En janvier 2022, Erdoğan a annoncé que l'ancien capitaine Nuri Gökhan Bozkır, suspect dans l'assassinat de l'universitaire et auteur, le professeur associé Necip Hablemitoğlu, avait été ramené d'Ukraine en Turquie, soulignant que cela constituait la preuve de leur détermination à élucider les meurtres non résolus du passé.
Il est facile à dire, mais 22,5 ans plus tard, l'un des assassinats politiques non résolus les plus importants commis sous le gouvernement de l'AKP était en train d'être élucidé !..
Selon l'acte d'accusation préparé, Hablemitoğlu a été tué par un groupe d'officiers du Commandement des forces spéciales (ÖKK), dirigé par le colonel à la retraite Levent Göktaş, à l'instigation du « FETÖ ». Le tireur était Tarkan Mumcuoğlu, qui travaillait à l'époque au sein de l'ÖKK et qui a commencé à travailler pour le MIT après sa retraite.
Lorsque le procès a débuté en février 2023 devant la 28e Cour d'assises d'Ankara, il est apparu que ce qui était écrit dans l'acte d'accusation et ce qui avait été raconté au public n'était pas tout à fait exact.
Lorsque les avocats de Tarkan Mumcuoğlu, qualifié de « tireur », ont prouvé par des témoins et des documents que Mumcuoğlu était en service au Kazakhstan le jour du meurtre, le tribunal a décidé, trois mois plus tard, de libérer tous les accusés. Il ne s'est pas arrêté là ; il a décidé de déposer une plainte auprès du bureau du procureur général d'Ankara « afin de déterminer qui était l'auteur principal ayant appuyé sur la gâchette, étant entendu que l'accusé Tarkan Mumcuoğlu pourrait ne pas être le tireur, et d'établir ses liens avec les accusés du dossier et d'autres personnes, le cas échéant ».

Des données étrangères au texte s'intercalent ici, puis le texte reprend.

lemma nonpure_shelling_sorted_by_dim:
  assumes "rational_pointed_fan \<Sigma>" "nonpure_shelling \<Sigma> L"
  obtains L' where "nonpure_shelling \<Sigma> L'" "mset L' = mset L" "sorted_wrt (\<ge>) (map aff_dim L')"
  using sortable_by_adjacent_swaps[of "nonpure_shelling \<Sigma>" L aff_dim]
    nonpure_shelling_swap_ascent[OF assms(1)] assms(2) by blast

theorem lemma3p3:
  fixes \<Sigma> :: "(real ^ 'd) set set" and L :: "(real ^ 'd) set list"
  assumes "rational_pointed_fan \<Sigma>"
    and "nonpure_shellable \<Sigma>"
    and "nonpure_shelling \<Sigma> L"
  shows "\<exists>\<sigma>. \<sigma> permutes {..<length L}
           \<and> nonpure_shelling \<Sigma> (map (\<lambda>i. L ! \<sigma> i) [0..<length L])
           \<and> (\<forall>i j. i \<le> j \<and> j < length L \<longrightarrow> aff_dim (L ! \<sigma> j) \<le> aff_dim (L ! \<sigma> i))"
proof -
  obtain L' where L': "nonpure_shelling \<Sigma> L'" "mset L' = mset L" "sorted_wrt (\<ge>) (map aff_dim L')"
    using nonpure_shelling_sorted_by_dim[OF assms(1,3)] .
  obtain \<sigma> where \<sigma>: "\<sigma> permutes {..<length L}" "permute_list \<sigma> L = L'"
    using mset_eq_permutation[OF L'(2)] .
  then have L'_eq: "map (\<lambda>i. L ! \<sigma> i) [0..<length L] = L'"
    by (simp add: permute_list_def)
  have "aff_dim (L' ! j) \<le> aff_dim (L' ! i)" if "i \<le> j" "j < length L'" for i j
    using that sorted_wrt_nth_less[OF L'(3), of i j] by (cases "i = j") simp_all
  with \<sigma>(1) L'(1) show ?thesis
    unfolding L'_eq[symmetric] by auto
qed

end
lemma sum_cross3_translate_eq_sum_edges:
  assumes "finite S" "inj nxt" "\<And>d. d \<in> S \<Longrightarrow> nxt d \<in> S" "\<And>d. src (nxt d) = tgt d"
  shows "(\<Sum>d\<in>S. (w (src d) \<times> f (tgt d) + f (src d) \<times> w (tgt d)) \<bullet> v)
       = (\<Sum>d\<in>S. (w (src d) \<times> (f (tgt d) - f (src d))) \<bullet> v)
       + (\<Sum>d\<in>S. (w (tgt d) \<times> (f (tgt d) - f (src d))) \<bullet> v)"
proof -
  let ?A = "\<lambda>d. (w (src d) \<times> (f (tgt d) - f (src d))) \<bullet> v"
  let ?B = "\<lambda>d. (w (tgt d) \<times> (f (tgt d) - f (src d))) \<bullet> v"
  let ?C = "\<lambda>d. (w (src d) \<times> f (tgt d) + f (src d) \<times> w (tgt d)) \<bullet> v"
  let ?G = "\<lambda>i. (w i \<times> f i) \<bullet> v"
  have "?A d + ?B d = ?C d + (?G (tgt d) - ?G (src d))" for d
    using cross_skew[of "f (src d)" "w (tgt d)"]
    by (simp add: Cross3.right_diff_distrib inner_diff_left)
  then have "sum ?A S + sum ?B S = sum ?C S + (sum (\<lambda>d. ?G (tgt d)) S - sum (\<lambda>d. ?G (src d)) S)"
    by (simp only: sum.distrib[symmetric] sum_subtractf[symmetric])
  also have "\<dots> = sum ?C S"
    using sum_tgt_eq_sum_src[where src = src and tgt = tgt, OF assms] by simp
  finally show ?thesis by simp
qed
lemma card_outer_fst_lines_le_2:
  assumes separated: "\<And>w. w \<in> R \<Longrightarrow> \<exists>s t. s + 1 < n \<and> (\<forall>q\<in>R - {w}. q \<in> diag_cut s t \<longleftrightarrow> w \<notin> diag_cut s t)"
    and "4 \<le> card R"
    and line: "\<And>x. card (R \<inter> {p. fst p = x}) \<le> 2"
  shows "card (R \<inter> {p. fst p = 0}) + card (R \<inter> {p. fst p = n - 1}) \<le> 2"
proof -
  have empty: "R \<inter> {p. fst p = y} = {}"
    if apart: "\<And>s. s + 1 < n \<Longrightarrow> x \<le> s \<longleftrightarrow> \<not> y \<le> s" and two: "2 \<le> card (R \<inter> {p. fst p = x})"
    for x y
  proof (rule ccontr)
    assume "R \<inter> {p. fst p = y} \<noteq> {}"
    then obtain c where c: "c \<in> R" "fst c = y"
      by blast
    obtain T where "T \<subseteq> R \<inter> {p. fst p = x}" "card T = 2"
      using obtain_subset_with_card_n[OF two] by blast
    then obtain a b where "T = {a, b}" "a \<noteq> b"
      unfolding card_2_iff by blast
    with \<open>T \<subseteq> R \<inter> {p. fst p = x}\<close> have "a \<in> R" "b \<in> R" "fst a = x" "fst b = x"
      by auto
    with c \<open>a \<noteq> b\<close> have "R \<subseteq> {a, b, c}"
      by (intro separated_subset_three[OF separated _ _ _ _ _ _ _ apart])
    then have "card R \<le> card {a, b, c}"
      by (rule card_mono[rotated]) simp
    also have "\<dots> \<le> 3"
      by (simp add: card_insert_if)
    finally show False
      using assms(2) by simp
  qed
  have "card (R \<inter> {p. fst p = n - 1}) = 0" if "2 \<le> card (R \<inter> {p. fst p = 0})"
    using empty[OF _ that, of "n - 1"] by auto
  moreover have "card (R \<inter> {p. fst p = 0}) = 0" if "2 \<le> card (R \<inter> {p. fst p = n - 1})"
    using empty[OF _ that, of 0] by auto
  ultimately show ?thesis
    using line[of 0] line[of "n - 1"] by linarith
qed

lemma sum_le_if_ends_share_bound:
  fixes f :: "nat \<Rightarrow> nat"
  assumes "2 \<le> n" "\<And>x. f x \<le> c" "f 0 + f (n - 1) \<le> c"
  shows "(\<Sum>x<n. f x) \<le> c * (n - 1)"
proof -
  define k where "k = n - 2"
  have n: "n = Suc (Suc k)"
    unfolding k_def using assms(1) by arith
  have "(\<Sum>x<n. f x) = f 0 + (\<Sum>x<k. f (Suc x)) + f (n - 1)"
    unfolding n by (subst sum.lessThan_Suc) (subst sum.lessThan_Suc_shift, simp)
  also have "\<dots> \<le> c + c * k"
  proof -
    have "(\<Sum>x<k. f (Suc x)) \<le> c * k"
      using sum_bounded_above[of "{..<k}" "\<lambda>x. f (Suc x)" c] assms(2) by (simp add: mult.commute)
    with assms(3) show ?thesis
      by linarith
  qed
  finally show ?thesis
    unfolding n by simp
qed

lemma finite_grid_vertices: "finite (grid_vertices n m)"
proof -
  have "grid_vertices n m = {..<n} \<times> {..<m}"
    by (auto simp: grid_vertices_def)
  then show ?thesis
    by simp
qed

lemma card_minimal_resolving_set_le:
  assumes "3 \<le> n" "2 \<le> m" "minimal_resolving_set n m R"
  shows "card R \<le> 2 * n - 2"
proof (cases "card R \<le> 4")
  case True
  then show ?thesis
    using assms(1) by linarith
next
  case False
  have nm: "2 \<le> n" "2 \<le> m"
    using assms(1,2) by simp_all
  have grid: "R \<subseteq> grid_vertices n m"
    using assms(3) unfolding minimal_resolving_set_def resolving_set_def by blast
  then have finite: "finite R"
    using finite_grid_vertices by (rule finite_subset)
  have private_basic: "\<exists>B. basic_set n m B \<and> R \<inter> B = {w}" if w: "w \<in> R" for w
  proof -
    obtain B where "basic_set n m B" "R \<inter> B = {w}"
      by (rule minimal_resolving_set_private_basic_set[OF nm assms(3) w])
    then show ?thesis
      by blast
  qed
  have separated: "\<exists>s t. s + 1 < n \<and> (\<forall>q\<in>R - {w}. q \<in> diag_cut s t \<longleftrightarrow> w \<notin> diag_cut s t)"
    if w: "w \<in> R" for w
  proof -
    from False have "5 \<le> card R"
      by simp
    obtain s t where "s + 1 < n" "\<forall>q\<in>R - {w}. q \<in> diag_cut s t \<longleftrightarrow> w \<notin> diag_cut s t"
      by (rule private_diag_cut[OF finite private_basic \<open>5 \<le> card R\<close> w])
    then show ?thesis
      by blast
  qed
  have line: "card (R \<inter> {p. fst p = x}) \<le> 2" for x
    by (rule card_fst_line_le_2[OF finite private_basic])
  have "(\<Union>x<n. R \<inter> {p. fst p = x}) = R"
    using grid by (auto simp: grid_vertices_def)
  then have "card R \<le> (\<Sum>x<n. card (R \<inter> {p. fst p = x}))"
    using card_UN_le[of "{..<n}" "\<lambda>x. R \<inter> {p. fst p = x}"] by simp
  also have "\<dots> \<le> 2 * (n - 1)"
    using card_outer_fst_lines_le_2[OF separated _ line] False nm
    by (intro sum_le_if_ends_share_bound) (auto intro: line)
  finally show ?thesis
    by simp
qed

Avant d'en venir au sort de cette plainte, rappelons ce détail : alors que le procureur du tribunal est monté à la barre lors de la première semaine des audiences, le processus judiciaire a ensuite été mené par le procureur Zafer Ergün, qui a également préparé l'acte d'accusation, une procédure rarement vue dans notre système judiciaire.
Pour en revenir à la plainte concernant « la découverte de l'auteur principal ayant appuyé sur la gâchette » ; suite à cette décision, Ersan Barkın, l'avocat de la famille Hablemitoğlu, a demandé la récusation des juges au motif qu'ils avaient « préjugé de l'affaire ». Une semaine plus tard, le président du tribunal et un membre ont été mutés. La plainte a été classée sans suite 7 mois plus tard par une décision de « non-lieu ». Dans sa décision de non-lieu, le bureau du procureur général d'Ankara, qui a pratiquement fait la leçon au tribunal en déclarant que « le procès doit être mené conformément aux preuves identifiées dans l'acte d'accusation concernant les accusés et aux preuves qui seront identifiées au cours du procès », a également affirmé que cette plainte visait à « faire traîner l'affaire en longueur ».
La signature au bas de la décision appartenait au procureur de l'acte d'accusation et de l'audience, Zafer Ergün !..
CELA S'EST ÉGALEMENT PRODUIT
D'autres développements remarquables ont eu lieu au cours du processus judiciaire. Pour résumer ;
Il a été constaté que le procureur avait partagé des informations et des documents du dossier avec certains journalistes, violant ainsi la confidentialité de l'enquête...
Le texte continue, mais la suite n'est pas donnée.